主だった委員会の活動についは,本稿の後半で述べるためここでは詳細は述べないが,通常の年会では設置しない本大会に特徴的な委員会として,OMOTENASHI committeeおよびPublic relationship committeeを挙げたい.OMOTENASHI committeeは,本大会のコンセプトである“Rocking Out Biophysics!”に沿って各Social eventを企画・実行した.例えば,京都のお酒を用意して大好評だったKyoto nightの成功はこの委員会の努力によるものである.Public relationship committeeは若い実行委員から構成され,本大会の情報を積極的に発信するために主にSNSを通した情報発信をしてもらった.大会前から会期中までリアルタイムに楽しい情報を発信してもらい,会を大変盛り上げもらった.また,「生物物理若手の会」による自主企画である「IUPAB2024 eve fest」(以降,イヴフェスタと呼ぶ)をサポートするための委員会も設置した.イヴフェスタも大変に盛況だったそうである.情報発信とイヴフェスタは,今後も続けると良いのではないかと考える.

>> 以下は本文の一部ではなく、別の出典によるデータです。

lemma measure_support_subset_closed:
  fixes M :: "'a::metric_space measure"
  assumes "sets M = sets borel" and "closed C" and "AE x in M. x \<in> C"
  shows "measure_support M \<subseteq> C"
  using measure_support_disjoint_open[of M "- C"] assms by auto

lemma continuous_AE_zero_on_measure_support:
  fixes M :: "'a::metric_space measure" and f :: "'a \<Rightarrow> 'b::t2_space"
  assumes "sets M = sets borel" and "continuous_on UNIV f" and "AE y in M. f y = c"
    and "x \<in> measure_support M"
  shows "f x = c"
  using measure_support_disjoint_open[of M "{y. f y \<noteq> c}"] assms
    open_Collect_neq[OF assms(2) continuous_on_const[of UNIV c]]
  by auto

lemma simplex_defect_expand: "(t + c) * (1 - t) = c + (1 - c) * t - t\<^sup>2" for t c :: real
  by (simp add: algebra_simps power2_eq_square)

locale sphere_probability =
  fixes \<mu> :: "'a::euclidean_space measure"
  assumes sphere_prob: "sphere_prob \<mu>"
begin

sublocale prob_space \<mu>
  using sphere_prob by (simp add: sphere_prob_def)

lemma sets_eq_borel: "sets \<mu> = sets borel"
  using sphere_prob by (simp add: sphere_prob_def)

lemma AE_in_sphere: "AE x in \<mu>. x \<in> sphere 0 1"
  using sphere_prob by (intro AE_prob_1) (simp add: sphere_prob_def emeasure_eq_measure)

lemma measure_support_subset_sphere: "measure_support \<mu> \<subseteq> sphere 0 1"
  by (rule measure_support_subset_closed[OF sets_eq_borel closed_sphere AE_in_sphere])

lemma norm_measure_support: "x \<in> measure_support \<mu> \<Longrightarrow> norm x = 1"
  using measure_support_subset_sphere by auto

lemma integrable_bounded_on_sphere:
  fixes f :: "'a \<Rightarrow> 'b::{banach, second_countable_topology}"
  assumes "f \<in> borel_measurable borel" and "\<And>y. norm y = 1 \<Longrightarrow> norm (f y) \<le> B"
  shows "integrable \<mu> f"
proof (rule integrable_const_bound)
  show "AE x in \<mu>. norm (f x) \<le> B"
    using AE_in_sphere by eventually_elim (simp add: assms(2))
  show "f \<in> borel_measurable \<mu>"
    using assms(1) by (simp add: measurable_cong_sets[OF sets_eq_borel refl])
qed

lemma integrable_inner: "integrable \<mu> (\<lambda>y. x \<bullet> y)"
proof (rule integrable_bounded_on_sphere[where B = "norm x"])
  fix y :: 'a assume "norm y = 1"
  then show "norm (x \<bullet> y) \<le> norm x" using Cauchy_Schwarz_ineq2[of x y] by simp
qed simp

lemma integrable_inner_square: "integrable \<mu> (\<lambda>y. (x \<bullet> y)\<^sup>2)"
proof (rule integrable_bounded_on_sphere[where B = "(norm x)\<^sup>2"])
  fix y :: 'a assume "norm y = 1"
  then have "\<bar>x \<bullet> y\<bar> \<le> norm x" using Cauchy_Schwarz_ineq2[of x y] by simp
  then have "\<bar>x \<bullet> y\<bar>\<^sup>2 \<le> (norm x)\<^sup>2" by (rule power_mono) simp
  then show "norm ((x \<bullet> y)\<^sup>2) \<le> (norm x)\<^sup>2" by simp
qed simp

最後に,このような多彩な企画を実現するために必須となる財政についてコメントしたい.今回の総予算は最終的に約1.4億円となった.そのうち,寄付金や企業等による協賛金は7000万円であり,残りは主に参加費である.予算総額は当初1.1億円を予定していた.これでも通常年会よりはるかに大きな額である.そのため,協賛プログラムに関する説明会を2度にわたって実施したが,募集後の申込みは大変に低調であった.当初は大赤字を覚悟したが,実行委員メンバーおよびに本学会の有志メンバーによる働きかけのおかげで,最終的に協賛金および参加者も想定を超えることに成功した.この大きな協賛金は,本学会メンバーの努力もあるが,日頃本学会と交流のある企業・財団・諸団体による理解と協力によるものである.私たちは,学会は研究者だけの組織ではなく,企業メンバーと共に形成するエコシステムであると考えている.これも本学会の大きな財産である.この関係性も大切に維持していきたい.

まとめ

IUPAB2024の評価を私自身ではできないが,仮に本学会や生物物理学のコミュニティにとって価値のあるイベントになったとすれば,日本生物物理学のオープンな雰囲気と会員全員のご理解とご協力によるものである(図4).また,協賛などを通してサポートしてくれた各企業・財団・諸団体の応援によるものでもある.そしてもちろん,今回のプロジェクトに参加してくれた全メンバーの努力によるものである.本当は各メンバーを紹介したいが,スペースがそれを許さない.しかし,謝辞の意を含めてメンバー全員がリストされているIUPAB2024のサイトをここに示す*6

図4

Conference dinner後の集合写真.

野地博行(東京大学大学院工学系研究科)

田端和仁(東京大学大学院工学系研究科)

*1  2014年誘致活動自体は参加者に好評だったが,投票権を持つ各国代表へのロビー活動は難航した.一つの大きな要因は,ブラジル大会案をラテン系諸国が一丸となって推したのに対し,日本がアジア諸国をまとめきれなかった点にあった.その象徴が,当時のIUPAB会長であり中国生物物理学会会長のRao氏がIUPAB総会での「アメリカ軍基地がある沖縄開催は危険である」という発言である.2014年当時,今以上に日中の政治的衝突が激しかった.これは,政治と独立と考えられがちな学術のコミュニティにおいても国際政治の影響を露骨に受ける事例とも言える.なお,これを教訓に2017年誘致では会場を京都に変更し,アジア各国に対してはABA(アジア生物物理連合)および二国間交流シンポジウムを通じて京都大会誘致への支援の下地を作った.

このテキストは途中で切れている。